NO HUMANS INVOLVED features Jamie Vegas and her relationship with my favorite of the werewolves, Jeremy Danvers. These are both characters I’d enjoyed reading about for some time before they got their own book I think this is why I liked them:
Unlike most of the other supernaturals in this series, Jamie seems almost normal. She’s the first of the supernaturals we really meet who doesn’t have kick-ass powers. She can’t change into a wolf. She can’t cast spells. She can’t burn things with a touch or even use simpler half-demon tricks like Troy does to keep from getting wet in the rain. She can contact the dead, but based on our interactions with her up to this point, that seems frankly like a curse rather than a blessing. This makes my impressions of Jamie based on not what she can do, but how she does it – and I certainly like her personality. She’s just a lot of fun, in my book.
And Jeremy… the thing I like best about him, have ALWAYS liked best about him, is his reserve. Many of my friends go for the bad guy, either in real life or “just” in fiction. I’ve always liked the nice guy. The respectful guy, the one who will hold doors and just generally treat a girl “right”. So Jeremy, for me, was a perfect fit. (Lucas too, but he’s not in this story much.) I do like the fact that we get to see beyond that very basic feeling of “Jeremy’s a good guy” and see the wolf underneath. But I also like that he’s true to his nature, and is written in an utterly believable way (once you get past the whole changes-into-a-wolf thing).
The two of them as a couple? Works. And is sweet in a very grown-up way. There’s nothing else I really want to say about it… it just seemed very natural. It works.
Now, about the story itself… (I am going to jump to the end here. There will be a little in the way of spoilers, so you are fore-warned.) My biggest complaint is that we didn’t get enough in the way of actual answers. Most of our answers are inferred based on what the protagonists discover in their investigation.
But… was May part supernatural? We can assume so. The question is which kind? The comment about dried bits of body parts makes necromancer seem likely, but then why could she do magic and not see the dead? Also, in this world necromancy – as with the spellcasters – runs in families. I don’t remember hearing that you had to occasionally cross two lines of necromancers (or spellcasters) to keep the powers strong. This implies that May had some other kind of supernatural blood. Maybe half-demon? That would be my guess, but it’s just a guess.

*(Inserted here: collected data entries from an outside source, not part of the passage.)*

(* Let $V$ be a finite-dimensional real vector space with a non-degenerate inner product of signature $(p,q)$, $p,q\ge 1$, $p+q\ge 3$; let $Q(v)=(v,v)$, $\mathcal{N}=\{v:Q(v)=0\}$, and $\mathcal{I}=Q\cdot\mathbb{R}[V,\mathbb{R}]$. Let $W$ be a finite-dimensional real vector space of dimension $w$ and let $x_1,\dots,x_r\in\mathbb{R}[V,W]$ with $r\le w$. The following are equivalent: \begin{enumerate} \item the vectors $x_1(v),\dots,x_r(v)$ are linearly dependent for all $v\in\mathcal{N}$; \item $I(x_1,\dots,x_r)\subset\mathcal{I}$; \item there exist $c_1,\dots,c_r\in\mathbb{R}[V,\mathbb{R}]$, with $c_i\notin\mathcal{I}$ for at least one $i$, such that $c_1x_1+\dots+c_rx_r\in\mathcal{I}\,\mathbb{R}[V,W]$, i.e. $c_1x_1+\dots+c_rx_r=Q\cdot y$ for some $y\in\mathbb{R}[V,W]$. \end{enumerate}
   Context: $\mathbb{R}[V,\mathbb{R}]$ is the ring of real polynomial functions on $V$ and $\mathbb{R}[V,W]$ the $\mathbb{R}[V,\mathbb{R}]$-module of polynomial maps $V\to W$. For a basis of $W$, let $\mathbf{X}$ be the $w\times r$ matrix over $\mathbb{R}[V,\mathbb{R}]$ whose $i$-th column is the coordinate vector of $x_i$; $I(x_1,\dots,x_r)$ is the ideal generated by all $r\times r$ minors of $\mathbf{X}$ (independent of the basis). *)

theory Defs
  imports "HOL-Analysis.Analysis"
begin

inductive_set poly_fun :: "('v::real_vector \<Rightarrow> real) set" where
  const: "(\<lambda>v. c) \<in> poly_fun"
| lin: "linear f \<Longrightarrow> f \<in> poly_fun"
| add: "f \<in> poly_fun \<Longrightarrow> g \<in> poly_fun \<Longrightarrow> (\<lambda>v. f v + g v) \<in> poly_fun"
| mult: "f \<in> poly_fun \<Longrightarrow> g \<in> poly_fun \<Longrightarrow> (\<lambda>v. f v * g v) \<in> poly_fun"

definition poly_map :: "('v::real_vector \<Rightarrow> 'w::euclidean_space) \<Rightarrow> bool" where
  "poly_map f \<longleftrightarrow> (\<forall>b\<in>Basis. (\<lambda>v. f v \<bullet> b) \<in> poly_fun)"

definition has_signature :: "('v::euclidean_space \<Rightarrow> 'v \<Rightarrow> real) \<Rightarrow> nat \<Rightarrow> nat \<Rightarrow> bool" where
  "has_signature B p q \<longleftrightarrow> bilinear B \<and> (\<forall>u v. B u v = B v u) \<and> p + q = DIM('v) \<and>
     (\<exists>e::nat \<Rightarrow> 'v. independent (e ` {..<p+q}) \<and> inj_on e {..<p+q} \<and>
        (\<forall>i<p+q. \<forall>j<p+q. i \<noteq> j \<longrightarrow> B (e i) (e j) = 0) \<and>
        (\<forall>i<p. B (e i) (e i) = 1) \<and> (\<forall>i. p \<le> i \<and> i < p+q \<longrightarrow> B (e i) (e i) = -1))"

definition Q_ideal :: "('v::real_vector \<Rightarrow> real) \<Rightarrow> ('v \<Rightarrow> real) set" where
  "Q_ideal Q = {(\<lambda>v. Q v * g v) | g. g \<in> poly_fun}"

definition row_sels :: "nat \<Rightarrow> 'w::euclidean_space list set" where
  "row_sels r = {bs. length bs = r \<and> distinct bs \<and> set bs \<subseteq> Basis}"

text \<open>The r \<times> r minor of the matrix X (columns = coordinate vectors of x_0..x_{r-1})
  obtained from the rows bs (Leibniz formula).\<close>
definition minor :: "nat \<Rightarrow> (nat \<Rightarrow> 'v \<Rightarrow> 'w::euclidean_space) \<Rightarrow> 'w list \<Rightarrow> 'v \<Rightarrow> real" where
  "minor r x bs v = (\<Sum>p | p permutes {..<r}. of_int (sign p) * (\<Prod>i<r. x (p i) v \<bullet> bs ! i))"

definition minors_ideal :: "nat \<Rightarrow> (nat \<Rightarrow> 'v::real_vector \<Rightarrow> 'w::euclidean_space) \<Rightarrow> ('v \<Rightarrow> real) set" where
  "minors_ideal r x = {(\<lambda>v. \<Sum>bs\<in>row_sels r. c bs v * minor r x bs v) | c.
        \<forall>bs\<in>row_sels r. c bs \<in> poly_fun}"

end

(*
  For a form of signature (p, q) with p, q >= 1 there is a null vector u; with b v = 2 B(v, u)
  one has Q (v + t u) = Q v + t b v, so every v with b v <> 0 is moved onto the cone N along u.
  Dividing a power of b times f by Q, with a remainder that is constant along u, therefore shows
  that a polynomial vanishing on N is a multiple of Q and that Q generates a prime ideal; here b
  is coprime to Q because Q does not vanish on the kernel of b, which is where p + q >= 3 enters.

  The equivalences then come from linear algebra over a commutative ring: if all maximal minors
  of the coordinate matrix X lie in an ideal P not containing 1, bordering a largest square
  submatrix whose minor is not in P and expanding along the new row gives a relation among the
  columns of X modulo P with a coefficient outside P.  With P the functions vanishing at a point
  of N, respectively on all of N, this gives (2) => (1) and (2) => (3).  Conversely the minors vanish
  wherever the columns are dependent, so (1) => (2) by the Nullstellensatz and (3) => (2) by
  primality.
*)
theory Submission
  imports Defs "Jordan_Normal_Form.Determinant" "HOL-Library.Function_Algebras"
begin

no_notation scalar_prod (infix \<open>\<bullet>\<close> 70) and vec_nth (infixl \<open>$\<close> 90)

section \<open>Polynomial functions\<close>

declare poly_fun.const [intro] poly_fun.add [intro] poly_fun.mult [intro]

lemma poly_fun_diff [intro]: "f \<in> poly_fun \<Longrightarrow> g \<in> poly_fun \<Longrightarrow> (\<lambda>v. f v - g v) \<in> poly_fun"
  using poly_fun.add[OF _ poly_fun.mult[OF poly_fun.const[of "-1"]], of f g] by simp

lemma poly_fun_sum [intro]:
  "finite S \<Longrightarrow> (\<And>i. i \<in> S \<Longrightarrow> f i \<in> poly_fun) \<Longrightarrow> (\<lambda>v. \<Sum>i\<in>S. f i v) \<in> poly_fun"
  by (induction S rule: finite_induct) auto

lemma poly_fun_prod [intro]:
  "finite S \<Longrightarrow> (\<And>i. i \<in> S \<Longrightarrow> f i \<in> poly_fun) \<Longrightarrow> (\<lambda>v. \<Prod>i\<in>S. f i v) \<in> poly_fun"
  by (induction S rule: finite_induct) auto

lemma poly_fun_power [intro]: "f \<in> poly_fun \<Longrightarrow> (\<lambda>v. f v ^ n) \<in> poly_fun"
  by (induction n) auto

lemma poly_fun_compose_linear:
  assumes "f \<in> poly_fun" and "linear L"
  shows "(\<lambda>v. f (L v)) \<in> poly_fun"
  using assms(1)
proof (induction rule: poly_fun.induct)
  case (lin f)
  then show ?case using poly_fun.lin[OF linear_compose[OF assms(2) lin]] by (simp add: o_def)
qed auto

lemma poly_fun_on_line:
  assumes "f \<in> poly_fun"
  obtains P where "\<And>t. f (v + t *\<^sub>R d) = poly P t"
proof -
  from assms have "\<exists>P. \<forall>t. f (v + t *\<^sub>R d) = poly P t"
  proof (induction rule: poly_fun.induct)
    case (const c)
    show ?case by (rule exI[of _ "[:c:]"]) simp
  next
    case (lin f)
    show ?case
      by (rule exI[of _ "[:f v, f d:]"]) (simp add: linear_add[OF lin] linear_scale[OF lin])
  next
    case (add f g)
    then obtain P1 P2 where "\<forall>t. f (v + t *\<^sub>R d) = poly P1 t" "\<forall>t. g (v + t *\<^sub>R d) = poly P2 t"
      by blast
    then show ?case by (intro exI[of _ "P1 + P2"]) simp
  next
    case (mult f g)
    then obtain P1 P2 where "\<forall>t. f (v + t *\<^sub>R d) = poly P1 t" "\<forall>t. g (v + t *\<^sub>R d) = poly P2 t"
      by blast
    then show ?case by (intro exI[of _ "P1 * P2"]) simp
  qed
  then show ?thesis using that by blast
qed

text \<open>On the line through two points of \<open>S\<close> both factors become univariate polynomials.\<close>
lemma poly_fun_no_zero_divisors_on_affine:
  assumes "affine S" and "f \<in> poly_fun" "g \<in> poly_fun" and fg: "\<And>v. v \<in> S \<Longrightarrow> f v * g v = 0"
  shows "(\<forall>v\<in>S. f v = 0) \<or> (\<forall>v\<in>S. g v = 0)"
proof (rule ccontr)
  assume "\<not> ?thesis"
  then obtain v1 v2 where v1: "v1 \<in> S" "f v1 \<noteq> 0" and v2: "v2 \<in> S" "g v2 \<noteq> 0"
    by blast
  obtain P1 where P1: "\<And>t. f (v1 + t *\<^sub>R (v2 - v1)) = poly P1 t"
    using poly_fun_on_line[OF assms(2)] by blast
  obtain P2 where P2: "\<And>t. g (v1 + t *\<^sub>R (v2 - v1)) = poly P2 t"
    using poly_fun_on_line[OF assms(3)] by blast
  have on_line: "v1 + t *\<^sub>R (v2 - v1) \<in> S" for t
  proof -
    have "(1 - t) *\<^sub>R v1 + t *\<^sub>R v2 \<in> S"
      using \<open>affine S\<close> v1(1) v2(1) unfolding affine_def by simp
    then show ?thesis by (simp add: algebra_simps)
  qed
  have "poly (P1 * P2) t = 0" for t
    using fg[OF on_line[of t]] P1[of t] P2[of t] by simp
  then have "P1 * P2 = 0"
    using poly_all_0_iff_0 by blast
  then have "P1 = 0 \<or> P2 = 0"
    by simp
  moreover have "poly P1 0 \<noteq> 0" "poly P2 1 \<noteq> 0"
    using P1[of 0] P2[of 1] v1 v2 by simp_all
  ultimately show False
    by auto
qed

corollary poly_fun_no_zero_divisors:
  assumes "f \<in> poly_fun" "g \<in> poly_fun" and "\<And>v. f v * g v = 0"
  shows "(\<forall>v. f v = 0) \<or> (\<forall>v. g v = 0)"
  using poly_fun_no_zero_divisors_on_affine[OF affine_UNIV assms] by simp
(* Let $\alpha\in(0,\frac{\pi}{2}]$ and let $S$ be a finite set of line segments in the plane such that any two segments of $S$ that cross do so at angle $\alpha$. If $\frac{\pi}{\alpha}$ is irrational, or $\frac{\pi}{\alpha}=\frac{p}{q}$ with $\gcd(p,q)=1$ and $p$ even, then there exists a subset $S'\subset S$ of pairwise noncrossing segments with $|S'|\geq\frac12|S|$. Otherwise $\frac{\pi}{\alpha}=\frac{p}{q}$ with $\gcd(p,q)=1$ and $p=2k+1$ for some $k\in\mathbb{N}$, and then there exists a subset $S'\subset S$ of pairwise noncrossing segments with $|S'|\geq\frac{k}{2k+1}|S|$. This holds under either of the following two notions of crossing.
   Context: Segments in $S$ may overlap (intersect in a segment of positive length). Standard notion: two segments cross if they intersect in a single point lying in the relative interior of both. Relaxed notion: given $S$ and a set $V$ of segment endpoints, two segments of $S$ cross if they intersect in a single point that is not in $V$. Two segments cross at angle $\alpha$ if the lines containing them meet at angle $\alpha$ (equivalently $\pi-\alpha$). *)

theory Defs
  imports "HOL-Analysis.Analysis"
begin

type_synonym point = "real^2"

definition is_segment :: "point set \<Rightarrow> bool" where
  "is_segment s \<longleftrightarrow> (\<exists>a b. a \<noteq> b \<and> s = closed_segment a b)"

definition seg_endpoints :: "point set set \<Rightarrow> point set" where
  "seg_endpoints S = {a. \<exists>s\<in>S. \<exists>b. a \<noteq> b \<and> s = closed_segment a b}"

Also, what happened to the children? What kind of rite was it that was being performed which prevented them from crossing over into the ghost world? There are guesses we can make, but it’s left unconfirmed.
Now, these unanswered questions could annoy me. The story is written well enough, though, that they don’t. I get the definite impression that Kelley knew what the answers to these questions were when she wrote it, but the answers don’t need to come out for the story to be finished. In fact, leaving them as unanswered questions makes perfect sense when you realize we’re also dealing with the Fates here… they tend to leave as many questions unanswered as possible.
All told, I really like this book. I think it’s my third favorite of the series (behind only the two books Paige narrates). Granted, I haven’t read THIRTEEN yet, but we’ll see. I have read other books narrated by Savannah, and I prefer Jamie’s voice to Savannah’s so far.